Word for word, restate the lines from the start of the data down to the line with "(p + q) v = peval", both included.

Records:
+++++
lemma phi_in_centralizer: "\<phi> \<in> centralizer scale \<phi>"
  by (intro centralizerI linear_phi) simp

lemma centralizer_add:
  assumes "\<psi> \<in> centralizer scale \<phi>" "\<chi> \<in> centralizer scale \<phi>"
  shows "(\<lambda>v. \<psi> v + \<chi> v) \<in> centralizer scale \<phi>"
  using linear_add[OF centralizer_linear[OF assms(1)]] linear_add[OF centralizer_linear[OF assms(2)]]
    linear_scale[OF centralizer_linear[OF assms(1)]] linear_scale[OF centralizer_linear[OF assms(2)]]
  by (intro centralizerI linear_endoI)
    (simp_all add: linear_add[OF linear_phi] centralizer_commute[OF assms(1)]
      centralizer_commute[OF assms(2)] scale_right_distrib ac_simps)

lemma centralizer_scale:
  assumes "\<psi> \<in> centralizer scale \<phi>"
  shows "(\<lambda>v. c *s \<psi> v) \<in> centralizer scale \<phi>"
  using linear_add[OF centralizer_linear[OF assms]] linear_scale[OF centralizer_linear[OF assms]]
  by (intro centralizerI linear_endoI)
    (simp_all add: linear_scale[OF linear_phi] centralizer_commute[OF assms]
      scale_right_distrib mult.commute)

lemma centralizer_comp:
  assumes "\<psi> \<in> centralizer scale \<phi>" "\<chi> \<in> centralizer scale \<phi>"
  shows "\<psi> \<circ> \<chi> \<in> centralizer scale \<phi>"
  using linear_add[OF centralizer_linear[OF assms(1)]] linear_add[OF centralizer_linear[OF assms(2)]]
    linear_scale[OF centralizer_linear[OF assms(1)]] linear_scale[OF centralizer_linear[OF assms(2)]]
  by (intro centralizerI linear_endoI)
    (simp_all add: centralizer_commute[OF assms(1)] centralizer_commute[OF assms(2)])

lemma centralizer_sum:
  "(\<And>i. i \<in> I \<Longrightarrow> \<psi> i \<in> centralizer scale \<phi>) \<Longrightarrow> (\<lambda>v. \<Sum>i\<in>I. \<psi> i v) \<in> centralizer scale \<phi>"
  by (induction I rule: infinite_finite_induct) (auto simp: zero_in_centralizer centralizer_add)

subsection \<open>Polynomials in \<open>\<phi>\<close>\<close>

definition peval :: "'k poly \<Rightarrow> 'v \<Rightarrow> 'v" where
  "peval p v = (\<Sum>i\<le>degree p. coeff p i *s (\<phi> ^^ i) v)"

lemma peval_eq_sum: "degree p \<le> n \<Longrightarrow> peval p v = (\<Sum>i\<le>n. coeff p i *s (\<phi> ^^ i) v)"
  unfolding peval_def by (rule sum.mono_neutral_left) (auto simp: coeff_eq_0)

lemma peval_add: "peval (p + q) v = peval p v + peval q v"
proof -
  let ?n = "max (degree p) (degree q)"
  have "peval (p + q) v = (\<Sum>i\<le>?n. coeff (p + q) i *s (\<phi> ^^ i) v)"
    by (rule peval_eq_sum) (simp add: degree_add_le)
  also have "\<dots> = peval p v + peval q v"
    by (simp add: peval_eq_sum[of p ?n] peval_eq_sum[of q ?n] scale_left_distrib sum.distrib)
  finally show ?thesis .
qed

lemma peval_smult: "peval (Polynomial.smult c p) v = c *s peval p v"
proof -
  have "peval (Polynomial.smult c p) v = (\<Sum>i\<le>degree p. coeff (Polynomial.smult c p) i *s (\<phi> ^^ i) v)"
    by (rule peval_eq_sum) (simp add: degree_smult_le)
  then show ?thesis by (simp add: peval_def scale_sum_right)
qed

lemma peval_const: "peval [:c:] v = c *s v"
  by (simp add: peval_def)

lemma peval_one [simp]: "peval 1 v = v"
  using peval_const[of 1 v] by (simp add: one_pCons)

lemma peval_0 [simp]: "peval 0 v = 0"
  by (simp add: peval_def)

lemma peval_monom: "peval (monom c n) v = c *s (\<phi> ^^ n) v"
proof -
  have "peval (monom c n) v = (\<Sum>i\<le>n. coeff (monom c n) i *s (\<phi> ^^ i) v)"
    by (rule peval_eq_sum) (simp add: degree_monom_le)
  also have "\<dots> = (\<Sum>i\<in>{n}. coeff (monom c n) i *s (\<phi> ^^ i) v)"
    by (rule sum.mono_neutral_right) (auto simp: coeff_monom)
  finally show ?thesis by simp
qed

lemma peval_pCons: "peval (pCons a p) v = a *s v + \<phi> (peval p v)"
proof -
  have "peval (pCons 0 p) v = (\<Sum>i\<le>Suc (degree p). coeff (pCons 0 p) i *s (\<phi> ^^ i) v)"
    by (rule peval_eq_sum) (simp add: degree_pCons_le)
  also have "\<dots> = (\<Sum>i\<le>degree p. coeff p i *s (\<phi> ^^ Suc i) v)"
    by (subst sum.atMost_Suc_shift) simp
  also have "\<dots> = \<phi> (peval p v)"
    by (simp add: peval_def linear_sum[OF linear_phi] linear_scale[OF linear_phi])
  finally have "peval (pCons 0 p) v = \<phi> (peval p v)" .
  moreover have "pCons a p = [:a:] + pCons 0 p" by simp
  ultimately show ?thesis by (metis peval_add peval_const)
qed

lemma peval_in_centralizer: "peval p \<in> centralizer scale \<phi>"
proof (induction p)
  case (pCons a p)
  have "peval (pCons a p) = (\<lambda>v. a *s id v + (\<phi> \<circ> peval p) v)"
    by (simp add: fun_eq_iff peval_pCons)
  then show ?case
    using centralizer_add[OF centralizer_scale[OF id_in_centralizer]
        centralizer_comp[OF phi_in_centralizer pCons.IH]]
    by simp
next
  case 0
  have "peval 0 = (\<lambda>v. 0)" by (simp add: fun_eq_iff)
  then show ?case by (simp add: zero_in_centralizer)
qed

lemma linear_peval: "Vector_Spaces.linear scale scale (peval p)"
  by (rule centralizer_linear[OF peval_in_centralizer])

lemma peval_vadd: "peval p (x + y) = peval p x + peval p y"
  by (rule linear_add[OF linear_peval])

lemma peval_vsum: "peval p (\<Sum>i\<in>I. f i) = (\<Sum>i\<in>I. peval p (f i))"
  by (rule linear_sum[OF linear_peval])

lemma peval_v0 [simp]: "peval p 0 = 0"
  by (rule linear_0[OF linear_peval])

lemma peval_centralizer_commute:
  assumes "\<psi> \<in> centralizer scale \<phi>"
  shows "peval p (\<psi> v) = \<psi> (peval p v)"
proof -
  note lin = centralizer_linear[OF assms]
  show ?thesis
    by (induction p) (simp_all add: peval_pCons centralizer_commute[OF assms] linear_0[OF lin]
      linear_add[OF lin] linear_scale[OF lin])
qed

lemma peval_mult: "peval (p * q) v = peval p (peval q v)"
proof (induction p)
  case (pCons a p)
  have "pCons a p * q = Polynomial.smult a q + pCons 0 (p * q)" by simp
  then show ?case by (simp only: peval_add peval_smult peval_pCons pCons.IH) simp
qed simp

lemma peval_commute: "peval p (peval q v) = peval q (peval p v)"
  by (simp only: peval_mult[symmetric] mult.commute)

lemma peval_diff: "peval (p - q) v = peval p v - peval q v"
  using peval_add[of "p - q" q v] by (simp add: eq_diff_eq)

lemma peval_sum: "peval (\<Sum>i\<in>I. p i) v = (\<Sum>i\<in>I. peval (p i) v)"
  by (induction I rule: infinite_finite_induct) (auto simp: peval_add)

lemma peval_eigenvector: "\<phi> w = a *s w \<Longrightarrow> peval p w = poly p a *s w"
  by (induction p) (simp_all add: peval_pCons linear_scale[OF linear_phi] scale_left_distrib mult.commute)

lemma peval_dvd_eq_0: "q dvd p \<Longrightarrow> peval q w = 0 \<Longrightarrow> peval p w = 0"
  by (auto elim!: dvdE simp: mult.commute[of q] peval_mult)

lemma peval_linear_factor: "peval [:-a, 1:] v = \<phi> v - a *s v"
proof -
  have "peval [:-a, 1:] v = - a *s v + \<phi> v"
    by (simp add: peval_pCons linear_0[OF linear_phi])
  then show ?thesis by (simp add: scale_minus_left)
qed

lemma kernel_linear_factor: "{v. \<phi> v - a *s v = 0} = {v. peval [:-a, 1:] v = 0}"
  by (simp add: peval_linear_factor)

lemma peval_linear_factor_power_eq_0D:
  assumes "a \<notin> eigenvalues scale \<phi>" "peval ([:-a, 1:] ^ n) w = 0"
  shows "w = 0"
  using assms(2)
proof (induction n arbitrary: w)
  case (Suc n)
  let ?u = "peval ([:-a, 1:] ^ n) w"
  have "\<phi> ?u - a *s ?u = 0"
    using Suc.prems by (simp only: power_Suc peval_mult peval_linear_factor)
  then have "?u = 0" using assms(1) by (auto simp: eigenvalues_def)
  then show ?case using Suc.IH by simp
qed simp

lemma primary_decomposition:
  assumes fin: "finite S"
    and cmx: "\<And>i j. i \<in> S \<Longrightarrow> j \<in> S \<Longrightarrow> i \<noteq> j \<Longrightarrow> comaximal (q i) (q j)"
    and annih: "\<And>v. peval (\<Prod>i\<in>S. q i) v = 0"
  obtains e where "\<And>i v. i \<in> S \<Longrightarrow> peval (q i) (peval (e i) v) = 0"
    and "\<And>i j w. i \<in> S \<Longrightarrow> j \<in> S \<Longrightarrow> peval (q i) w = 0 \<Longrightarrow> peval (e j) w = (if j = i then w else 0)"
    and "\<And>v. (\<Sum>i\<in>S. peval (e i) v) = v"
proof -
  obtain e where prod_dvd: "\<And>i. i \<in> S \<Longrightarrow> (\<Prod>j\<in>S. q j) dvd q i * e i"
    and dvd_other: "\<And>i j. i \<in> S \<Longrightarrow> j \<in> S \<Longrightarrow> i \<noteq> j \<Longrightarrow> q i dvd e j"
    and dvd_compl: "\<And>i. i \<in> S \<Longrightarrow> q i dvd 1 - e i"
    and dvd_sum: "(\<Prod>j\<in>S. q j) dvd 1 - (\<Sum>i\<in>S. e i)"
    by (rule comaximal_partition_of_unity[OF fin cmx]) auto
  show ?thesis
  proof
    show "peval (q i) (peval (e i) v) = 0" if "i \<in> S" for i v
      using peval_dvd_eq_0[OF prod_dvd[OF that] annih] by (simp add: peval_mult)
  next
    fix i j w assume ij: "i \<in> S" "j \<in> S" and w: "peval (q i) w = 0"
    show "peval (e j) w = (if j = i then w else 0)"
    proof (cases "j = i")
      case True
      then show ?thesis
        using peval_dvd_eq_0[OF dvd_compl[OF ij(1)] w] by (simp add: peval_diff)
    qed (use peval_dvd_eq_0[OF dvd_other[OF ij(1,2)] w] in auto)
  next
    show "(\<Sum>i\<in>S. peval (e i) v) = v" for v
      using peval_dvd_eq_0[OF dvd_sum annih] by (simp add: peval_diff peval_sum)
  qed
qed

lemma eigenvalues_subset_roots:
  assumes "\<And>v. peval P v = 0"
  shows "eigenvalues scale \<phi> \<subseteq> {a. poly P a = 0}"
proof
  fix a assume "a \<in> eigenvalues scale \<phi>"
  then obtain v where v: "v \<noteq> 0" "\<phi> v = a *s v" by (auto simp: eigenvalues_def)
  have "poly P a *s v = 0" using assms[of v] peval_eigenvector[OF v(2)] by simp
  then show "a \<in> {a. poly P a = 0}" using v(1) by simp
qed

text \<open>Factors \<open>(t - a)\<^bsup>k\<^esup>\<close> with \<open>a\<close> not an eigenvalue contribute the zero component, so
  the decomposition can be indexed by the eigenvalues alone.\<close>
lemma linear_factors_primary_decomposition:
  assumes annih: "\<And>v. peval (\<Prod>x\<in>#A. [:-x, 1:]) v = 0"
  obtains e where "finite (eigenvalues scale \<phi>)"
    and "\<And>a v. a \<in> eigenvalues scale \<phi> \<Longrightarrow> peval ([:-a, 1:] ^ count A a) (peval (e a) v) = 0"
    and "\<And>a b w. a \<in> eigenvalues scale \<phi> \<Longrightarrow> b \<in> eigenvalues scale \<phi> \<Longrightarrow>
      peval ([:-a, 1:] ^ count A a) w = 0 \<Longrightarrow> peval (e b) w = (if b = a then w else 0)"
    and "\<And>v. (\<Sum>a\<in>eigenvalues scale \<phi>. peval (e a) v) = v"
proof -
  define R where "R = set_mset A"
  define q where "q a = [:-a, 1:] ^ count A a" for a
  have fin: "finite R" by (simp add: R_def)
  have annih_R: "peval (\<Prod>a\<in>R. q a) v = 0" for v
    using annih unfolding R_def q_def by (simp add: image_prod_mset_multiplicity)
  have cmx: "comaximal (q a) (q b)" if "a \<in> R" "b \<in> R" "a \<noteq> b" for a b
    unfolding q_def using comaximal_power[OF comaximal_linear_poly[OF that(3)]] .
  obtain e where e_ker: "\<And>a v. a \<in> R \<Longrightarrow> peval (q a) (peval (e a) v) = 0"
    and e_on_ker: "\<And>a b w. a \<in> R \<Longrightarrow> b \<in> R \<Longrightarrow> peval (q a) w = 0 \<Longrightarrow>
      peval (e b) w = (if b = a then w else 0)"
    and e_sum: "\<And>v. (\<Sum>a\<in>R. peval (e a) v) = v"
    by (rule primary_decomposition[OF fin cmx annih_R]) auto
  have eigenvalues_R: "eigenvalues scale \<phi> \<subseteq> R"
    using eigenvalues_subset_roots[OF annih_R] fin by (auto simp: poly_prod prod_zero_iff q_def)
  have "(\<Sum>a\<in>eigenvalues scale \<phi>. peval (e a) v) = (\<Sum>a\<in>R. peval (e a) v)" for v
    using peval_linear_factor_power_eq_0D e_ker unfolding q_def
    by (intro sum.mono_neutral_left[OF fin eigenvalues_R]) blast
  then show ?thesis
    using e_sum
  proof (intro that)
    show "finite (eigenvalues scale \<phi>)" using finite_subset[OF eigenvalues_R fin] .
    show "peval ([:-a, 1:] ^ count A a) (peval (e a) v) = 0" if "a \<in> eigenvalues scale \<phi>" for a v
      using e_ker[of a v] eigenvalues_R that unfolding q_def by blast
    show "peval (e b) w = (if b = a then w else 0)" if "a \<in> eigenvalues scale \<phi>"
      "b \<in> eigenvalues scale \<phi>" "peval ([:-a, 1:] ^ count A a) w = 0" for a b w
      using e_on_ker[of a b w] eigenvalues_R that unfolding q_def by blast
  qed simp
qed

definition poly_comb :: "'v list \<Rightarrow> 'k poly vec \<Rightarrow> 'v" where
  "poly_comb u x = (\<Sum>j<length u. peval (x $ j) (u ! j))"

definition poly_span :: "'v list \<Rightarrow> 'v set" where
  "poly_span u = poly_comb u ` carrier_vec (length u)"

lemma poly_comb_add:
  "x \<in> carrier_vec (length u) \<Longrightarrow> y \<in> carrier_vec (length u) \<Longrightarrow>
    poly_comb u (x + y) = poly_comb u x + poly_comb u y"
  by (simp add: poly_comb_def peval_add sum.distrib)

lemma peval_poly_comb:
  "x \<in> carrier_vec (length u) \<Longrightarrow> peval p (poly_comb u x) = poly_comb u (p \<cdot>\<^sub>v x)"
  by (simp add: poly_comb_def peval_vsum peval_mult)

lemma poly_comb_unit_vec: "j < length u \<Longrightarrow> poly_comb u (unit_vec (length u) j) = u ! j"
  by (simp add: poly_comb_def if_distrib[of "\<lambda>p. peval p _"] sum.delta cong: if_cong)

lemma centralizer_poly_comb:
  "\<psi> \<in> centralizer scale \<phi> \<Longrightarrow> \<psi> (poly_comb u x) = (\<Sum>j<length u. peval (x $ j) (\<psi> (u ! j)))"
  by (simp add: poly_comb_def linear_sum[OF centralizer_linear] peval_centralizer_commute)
+++++
Finished exercise:
lemma phi_in_centralizer: "\<phi> \<in> centralizer scale \<phi>"
  by (intro centralizerI linear_phi) simp

lemma centralizer_add:
  assumes "\<psi> \<in> centralizer scale \<phi>" "\<chi> \<in> centralizer scale \<phi>"
  shows "(\<lambda>v. \<psi> v + \<chi> v) \<in> centralizer scale \<phi>"
  using linear_add[OF centralizer_linear[OF assms(1)]] linear_add[OF centralizer_linear[OF assms(2)]]
    linear_scale[OF centralizer_linear[OF assms(1)]] linear_scale[OF centralizer_linear[OF assms(2)]]
  by (intro centralizerI linear_endoI)
    (simp_all add: linear_add[OF linear_phi] centralizer_commute[OF assms(1)]
      centralizer_commute[OF assms(2)] scale_right_distrib ac_simps)

lemma centralizer_scale:
  assumes "\<psi> \<in> centralizer scale \<phi>"
  shows "(\<lambda>v. c *s \<psi> v) \<in> centralizer scale \<phi>"
  using linear_add[OF centralizer_linear[OF assms]] linear_scale[OF centralizer_linear[OF assms]]
  by (intro centralizerI linear_endoI)
    (simp_all add: linear_scale[OF linear_phi] centralizer_commute[OF assms]
      scale_right_distrib mult.commute)

lemma centralizer_comp:
  assumes "\<psi> \<in> centralizer scale \<phi>" "\<chi> \<in> centralizer scale \<phi>"
  shows "\<psi> \<circ> \<chi> \<in> centralizer scale \<phi>"
  using linear_add[OF centralizer_linear[OF assms(1)]] linear_add[OF centralizer_linear[OF assms(2)]]
    linear_scale[OF centralizer_linear[OF assms(1)]] linear_scale[OF centralizer_linear[OF assms(2)]]
  by (intro centralizerI linear_endoI)
    (simp_all add: centralizer_commute[OF assms(1)] centralizer_commute[OF assms(2)])

lemma centralizer_sum:
  "(\<And>i. i \<in> I \<Longrightarrow> \<psi> i \<in> centralizer scale \<phi>) \<Longrightarrow> (\<lambda>v. \<Sum>i\<in>I. \<psi> i v) \<in> centralizer scale \<phi>"
  by (induction I rule: infinite_finite_induct) (auto simp: zero_in_centralizer centralizer_add)

subsection \<open>Polynomials in \<open>\<phi>\<close>\<close>

definition peval :: "'k poly \<Rightarrow> 'v \<Rightarrow> 'v" where
  "peval p v = (\<Sum>i\<le>degree p. coeff p i *s (\<phi> ^^ i) v)"

lemma peval_eq_sum: "degree p \<le> n \<Longrightarrow> peval p v = (\<Sum>i\<le>n. coeff p i *s (\<phi> ^^ i) v)"
  unfolding peval_def by (rule sum.mono_neutral_left) (auto simp: coeff_eq_0)

lemma peval_add: "peval (p + q) v = peval p v + peval q v"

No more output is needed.